[SOURCE DATA Boundary: Start]

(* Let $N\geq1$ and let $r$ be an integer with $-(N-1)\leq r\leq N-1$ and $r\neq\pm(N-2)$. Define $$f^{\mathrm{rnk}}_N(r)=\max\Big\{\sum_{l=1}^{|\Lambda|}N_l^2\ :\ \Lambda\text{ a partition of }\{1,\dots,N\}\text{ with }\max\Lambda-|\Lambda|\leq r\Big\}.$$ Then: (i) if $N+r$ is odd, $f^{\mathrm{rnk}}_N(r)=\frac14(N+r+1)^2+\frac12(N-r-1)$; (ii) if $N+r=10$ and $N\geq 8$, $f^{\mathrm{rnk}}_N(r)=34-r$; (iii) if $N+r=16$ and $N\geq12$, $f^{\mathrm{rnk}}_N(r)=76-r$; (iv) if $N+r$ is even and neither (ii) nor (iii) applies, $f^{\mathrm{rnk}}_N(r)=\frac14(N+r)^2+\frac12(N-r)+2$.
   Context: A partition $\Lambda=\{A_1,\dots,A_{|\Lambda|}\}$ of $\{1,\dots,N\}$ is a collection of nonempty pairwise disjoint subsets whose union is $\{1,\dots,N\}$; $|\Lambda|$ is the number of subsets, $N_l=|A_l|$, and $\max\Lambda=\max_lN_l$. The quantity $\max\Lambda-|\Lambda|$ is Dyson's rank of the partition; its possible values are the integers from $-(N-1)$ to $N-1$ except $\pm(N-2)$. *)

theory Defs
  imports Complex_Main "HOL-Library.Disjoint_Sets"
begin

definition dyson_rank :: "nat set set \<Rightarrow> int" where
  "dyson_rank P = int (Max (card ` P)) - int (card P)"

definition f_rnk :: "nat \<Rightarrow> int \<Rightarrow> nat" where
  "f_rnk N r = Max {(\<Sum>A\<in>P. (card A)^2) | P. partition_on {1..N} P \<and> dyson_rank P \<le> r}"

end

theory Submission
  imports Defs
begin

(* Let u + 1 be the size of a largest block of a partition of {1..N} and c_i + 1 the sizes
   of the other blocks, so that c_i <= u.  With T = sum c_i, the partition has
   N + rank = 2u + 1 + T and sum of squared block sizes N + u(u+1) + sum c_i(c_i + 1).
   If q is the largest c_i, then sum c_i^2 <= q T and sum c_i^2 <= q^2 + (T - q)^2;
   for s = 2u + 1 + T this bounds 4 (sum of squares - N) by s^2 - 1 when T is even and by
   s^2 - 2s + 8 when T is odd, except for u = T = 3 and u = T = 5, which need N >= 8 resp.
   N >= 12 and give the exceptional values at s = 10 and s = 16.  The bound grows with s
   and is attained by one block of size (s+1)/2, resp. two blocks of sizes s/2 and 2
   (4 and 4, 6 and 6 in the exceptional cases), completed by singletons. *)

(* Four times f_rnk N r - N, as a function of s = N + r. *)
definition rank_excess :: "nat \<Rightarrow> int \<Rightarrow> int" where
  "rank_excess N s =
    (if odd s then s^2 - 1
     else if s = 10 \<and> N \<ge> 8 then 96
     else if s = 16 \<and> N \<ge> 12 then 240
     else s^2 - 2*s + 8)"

[SOURCE DATA Boundary: End]
[SOURCE DATA Boundary: Start]

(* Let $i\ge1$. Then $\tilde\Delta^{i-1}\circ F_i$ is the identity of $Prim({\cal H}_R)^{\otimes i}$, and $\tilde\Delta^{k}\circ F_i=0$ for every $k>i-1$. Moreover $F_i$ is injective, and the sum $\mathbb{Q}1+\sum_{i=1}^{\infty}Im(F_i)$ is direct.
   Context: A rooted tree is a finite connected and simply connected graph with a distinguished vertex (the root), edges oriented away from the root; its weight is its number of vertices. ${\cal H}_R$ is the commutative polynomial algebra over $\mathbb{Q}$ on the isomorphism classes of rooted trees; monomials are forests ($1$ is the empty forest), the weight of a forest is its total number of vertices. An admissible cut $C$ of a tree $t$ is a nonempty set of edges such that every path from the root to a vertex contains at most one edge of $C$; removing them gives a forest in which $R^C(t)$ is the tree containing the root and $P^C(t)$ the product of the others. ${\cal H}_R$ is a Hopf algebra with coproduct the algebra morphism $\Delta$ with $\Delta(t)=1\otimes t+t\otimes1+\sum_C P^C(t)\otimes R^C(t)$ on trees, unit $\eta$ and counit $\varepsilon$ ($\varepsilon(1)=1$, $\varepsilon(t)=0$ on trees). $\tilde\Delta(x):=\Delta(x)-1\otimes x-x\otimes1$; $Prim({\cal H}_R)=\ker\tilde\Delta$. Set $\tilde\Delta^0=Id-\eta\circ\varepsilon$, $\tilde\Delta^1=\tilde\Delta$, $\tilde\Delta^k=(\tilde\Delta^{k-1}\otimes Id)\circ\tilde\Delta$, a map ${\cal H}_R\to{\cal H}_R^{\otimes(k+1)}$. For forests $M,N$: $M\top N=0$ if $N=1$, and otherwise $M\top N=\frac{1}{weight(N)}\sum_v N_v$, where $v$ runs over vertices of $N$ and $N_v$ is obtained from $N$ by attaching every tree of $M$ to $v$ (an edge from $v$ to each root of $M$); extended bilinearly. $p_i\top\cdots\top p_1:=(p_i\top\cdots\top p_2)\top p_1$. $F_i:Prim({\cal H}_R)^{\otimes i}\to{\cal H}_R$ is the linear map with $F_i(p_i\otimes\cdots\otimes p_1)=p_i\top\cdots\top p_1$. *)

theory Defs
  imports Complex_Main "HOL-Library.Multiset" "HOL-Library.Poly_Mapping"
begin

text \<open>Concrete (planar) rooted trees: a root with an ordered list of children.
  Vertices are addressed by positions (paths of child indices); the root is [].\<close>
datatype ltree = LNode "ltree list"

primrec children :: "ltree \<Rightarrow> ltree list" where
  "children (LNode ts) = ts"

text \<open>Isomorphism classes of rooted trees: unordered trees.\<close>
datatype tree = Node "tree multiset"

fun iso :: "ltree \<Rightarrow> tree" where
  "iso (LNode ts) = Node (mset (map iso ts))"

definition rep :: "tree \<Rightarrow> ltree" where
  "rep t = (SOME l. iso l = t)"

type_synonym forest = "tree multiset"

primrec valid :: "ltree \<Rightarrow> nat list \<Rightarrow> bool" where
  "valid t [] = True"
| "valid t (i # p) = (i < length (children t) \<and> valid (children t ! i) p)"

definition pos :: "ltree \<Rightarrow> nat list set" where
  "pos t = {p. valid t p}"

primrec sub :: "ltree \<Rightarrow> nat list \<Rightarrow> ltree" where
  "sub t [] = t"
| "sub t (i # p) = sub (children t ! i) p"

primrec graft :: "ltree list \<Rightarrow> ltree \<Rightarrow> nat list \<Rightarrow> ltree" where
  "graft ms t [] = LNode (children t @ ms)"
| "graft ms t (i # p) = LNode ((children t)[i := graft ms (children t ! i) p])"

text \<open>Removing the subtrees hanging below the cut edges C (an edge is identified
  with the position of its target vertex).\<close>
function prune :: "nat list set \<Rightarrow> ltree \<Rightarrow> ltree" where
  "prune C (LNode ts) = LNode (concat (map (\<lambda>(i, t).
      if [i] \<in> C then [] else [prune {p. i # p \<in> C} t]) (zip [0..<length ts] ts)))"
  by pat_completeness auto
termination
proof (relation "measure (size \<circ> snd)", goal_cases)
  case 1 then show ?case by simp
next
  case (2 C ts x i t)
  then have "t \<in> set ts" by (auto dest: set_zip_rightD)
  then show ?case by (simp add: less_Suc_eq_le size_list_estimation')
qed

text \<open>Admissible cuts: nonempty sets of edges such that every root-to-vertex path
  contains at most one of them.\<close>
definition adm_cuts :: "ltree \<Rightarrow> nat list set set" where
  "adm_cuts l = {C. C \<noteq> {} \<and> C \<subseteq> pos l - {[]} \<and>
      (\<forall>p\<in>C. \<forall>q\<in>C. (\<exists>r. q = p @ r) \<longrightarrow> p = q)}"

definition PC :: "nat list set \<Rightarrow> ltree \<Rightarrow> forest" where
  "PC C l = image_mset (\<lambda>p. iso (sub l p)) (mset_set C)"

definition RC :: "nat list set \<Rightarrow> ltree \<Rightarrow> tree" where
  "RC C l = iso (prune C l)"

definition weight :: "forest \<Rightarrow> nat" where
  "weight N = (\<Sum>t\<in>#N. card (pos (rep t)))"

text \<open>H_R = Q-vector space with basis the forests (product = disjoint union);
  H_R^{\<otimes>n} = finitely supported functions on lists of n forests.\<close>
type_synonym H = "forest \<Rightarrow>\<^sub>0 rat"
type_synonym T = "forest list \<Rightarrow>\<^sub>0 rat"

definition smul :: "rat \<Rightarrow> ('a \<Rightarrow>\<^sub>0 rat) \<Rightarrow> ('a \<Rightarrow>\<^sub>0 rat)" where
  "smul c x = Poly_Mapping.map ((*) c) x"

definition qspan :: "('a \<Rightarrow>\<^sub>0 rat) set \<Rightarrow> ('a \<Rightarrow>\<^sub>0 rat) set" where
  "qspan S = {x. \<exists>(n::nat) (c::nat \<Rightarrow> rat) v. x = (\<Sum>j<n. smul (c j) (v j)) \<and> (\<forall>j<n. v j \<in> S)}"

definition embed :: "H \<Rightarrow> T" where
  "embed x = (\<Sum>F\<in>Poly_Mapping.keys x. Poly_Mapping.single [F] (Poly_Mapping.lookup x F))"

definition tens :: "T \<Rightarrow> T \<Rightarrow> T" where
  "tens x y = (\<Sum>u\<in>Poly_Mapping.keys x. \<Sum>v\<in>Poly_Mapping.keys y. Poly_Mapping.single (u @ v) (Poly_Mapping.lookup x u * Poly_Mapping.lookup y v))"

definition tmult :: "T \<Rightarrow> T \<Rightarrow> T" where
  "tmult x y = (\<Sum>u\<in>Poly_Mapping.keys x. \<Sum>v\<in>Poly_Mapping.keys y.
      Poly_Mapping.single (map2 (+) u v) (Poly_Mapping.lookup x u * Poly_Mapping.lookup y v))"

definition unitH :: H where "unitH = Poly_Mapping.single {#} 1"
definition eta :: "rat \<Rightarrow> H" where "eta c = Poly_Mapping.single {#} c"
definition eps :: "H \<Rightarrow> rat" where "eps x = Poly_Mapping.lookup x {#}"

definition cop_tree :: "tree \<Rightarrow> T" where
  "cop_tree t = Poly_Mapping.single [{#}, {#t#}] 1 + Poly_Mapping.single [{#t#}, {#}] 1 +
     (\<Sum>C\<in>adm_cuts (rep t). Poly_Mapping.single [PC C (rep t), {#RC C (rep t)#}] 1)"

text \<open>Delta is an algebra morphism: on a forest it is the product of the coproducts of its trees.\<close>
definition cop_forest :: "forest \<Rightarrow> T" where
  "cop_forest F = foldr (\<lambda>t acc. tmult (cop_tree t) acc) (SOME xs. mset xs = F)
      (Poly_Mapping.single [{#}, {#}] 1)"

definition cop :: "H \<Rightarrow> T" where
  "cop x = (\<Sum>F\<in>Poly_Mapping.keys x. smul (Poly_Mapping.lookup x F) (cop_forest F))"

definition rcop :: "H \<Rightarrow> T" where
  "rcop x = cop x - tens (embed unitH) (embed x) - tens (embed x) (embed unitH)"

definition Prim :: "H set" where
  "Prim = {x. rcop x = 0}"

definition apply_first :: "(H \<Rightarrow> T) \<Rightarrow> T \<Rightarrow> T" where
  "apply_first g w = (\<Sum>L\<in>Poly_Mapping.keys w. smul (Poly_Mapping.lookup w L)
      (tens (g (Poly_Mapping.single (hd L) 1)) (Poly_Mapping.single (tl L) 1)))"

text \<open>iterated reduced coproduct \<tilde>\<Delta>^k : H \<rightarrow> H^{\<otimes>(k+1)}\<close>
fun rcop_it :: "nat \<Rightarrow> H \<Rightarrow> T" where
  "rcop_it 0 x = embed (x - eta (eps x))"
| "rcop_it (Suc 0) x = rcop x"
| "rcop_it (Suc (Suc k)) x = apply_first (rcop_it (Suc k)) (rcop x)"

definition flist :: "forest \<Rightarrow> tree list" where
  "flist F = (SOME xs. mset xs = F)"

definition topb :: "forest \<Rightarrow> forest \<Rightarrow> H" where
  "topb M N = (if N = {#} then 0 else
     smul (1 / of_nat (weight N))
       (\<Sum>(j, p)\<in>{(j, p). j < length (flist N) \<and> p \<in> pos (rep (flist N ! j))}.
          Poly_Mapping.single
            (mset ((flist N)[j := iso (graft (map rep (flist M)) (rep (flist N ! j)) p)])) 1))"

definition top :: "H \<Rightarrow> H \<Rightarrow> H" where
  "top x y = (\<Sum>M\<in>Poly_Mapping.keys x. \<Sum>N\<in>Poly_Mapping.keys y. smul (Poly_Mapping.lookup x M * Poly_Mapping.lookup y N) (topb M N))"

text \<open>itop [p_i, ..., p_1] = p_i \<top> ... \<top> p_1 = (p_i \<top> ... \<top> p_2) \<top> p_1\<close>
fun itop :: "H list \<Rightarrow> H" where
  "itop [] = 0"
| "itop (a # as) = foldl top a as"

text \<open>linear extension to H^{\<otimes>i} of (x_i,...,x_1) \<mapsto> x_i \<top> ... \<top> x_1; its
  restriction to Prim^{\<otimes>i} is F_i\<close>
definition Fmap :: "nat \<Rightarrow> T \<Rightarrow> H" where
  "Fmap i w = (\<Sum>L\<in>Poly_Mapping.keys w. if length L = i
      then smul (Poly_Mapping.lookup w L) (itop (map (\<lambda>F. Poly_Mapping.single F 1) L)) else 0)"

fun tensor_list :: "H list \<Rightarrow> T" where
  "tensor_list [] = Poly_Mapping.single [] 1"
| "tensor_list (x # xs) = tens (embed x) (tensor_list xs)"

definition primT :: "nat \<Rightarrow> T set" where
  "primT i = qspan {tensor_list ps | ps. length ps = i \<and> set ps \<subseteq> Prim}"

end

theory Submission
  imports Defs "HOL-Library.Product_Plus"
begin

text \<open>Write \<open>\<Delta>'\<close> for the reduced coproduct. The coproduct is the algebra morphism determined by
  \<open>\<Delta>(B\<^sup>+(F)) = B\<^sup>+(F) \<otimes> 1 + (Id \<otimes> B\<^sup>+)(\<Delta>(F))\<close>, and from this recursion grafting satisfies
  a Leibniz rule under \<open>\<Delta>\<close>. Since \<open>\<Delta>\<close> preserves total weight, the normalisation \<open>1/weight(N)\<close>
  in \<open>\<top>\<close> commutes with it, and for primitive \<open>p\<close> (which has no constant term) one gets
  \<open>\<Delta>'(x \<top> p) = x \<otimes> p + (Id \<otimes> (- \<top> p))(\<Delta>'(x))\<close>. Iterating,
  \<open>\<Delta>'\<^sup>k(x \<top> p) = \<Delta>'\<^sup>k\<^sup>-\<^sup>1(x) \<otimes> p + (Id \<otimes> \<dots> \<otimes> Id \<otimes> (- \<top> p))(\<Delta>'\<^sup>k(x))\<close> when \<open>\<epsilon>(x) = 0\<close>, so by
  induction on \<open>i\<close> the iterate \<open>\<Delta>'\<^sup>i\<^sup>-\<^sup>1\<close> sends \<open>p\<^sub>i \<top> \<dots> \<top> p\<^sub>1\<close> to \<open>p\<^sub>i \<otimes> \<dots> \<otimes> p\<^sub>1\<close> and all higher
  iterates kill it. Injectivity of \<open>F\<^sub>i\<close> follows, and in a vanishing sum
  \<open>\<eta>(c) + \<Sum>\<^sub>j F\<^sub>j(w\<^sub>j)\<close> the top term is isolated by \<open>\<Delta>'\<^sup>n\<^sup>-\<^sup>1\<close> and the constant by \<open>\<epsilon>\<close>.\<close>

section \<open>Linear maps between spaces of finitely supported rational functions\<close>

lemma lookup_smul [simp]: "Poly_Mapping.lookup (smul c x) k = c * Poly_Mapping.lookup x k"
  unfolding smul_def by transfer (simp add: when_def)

[SOURCE DATA Boundary: End]

EXERCISE GOAL ▸ Show each line from the listing above that includes the word "exceptional".

RESULT FOR THIS TASK ▸
   N >= 12 and give the exceptional values at s = 10 and s = 16.  The bound grows with s
   (4 and 4, 6 and 6 in the exceptional cases), completed by singletons. *)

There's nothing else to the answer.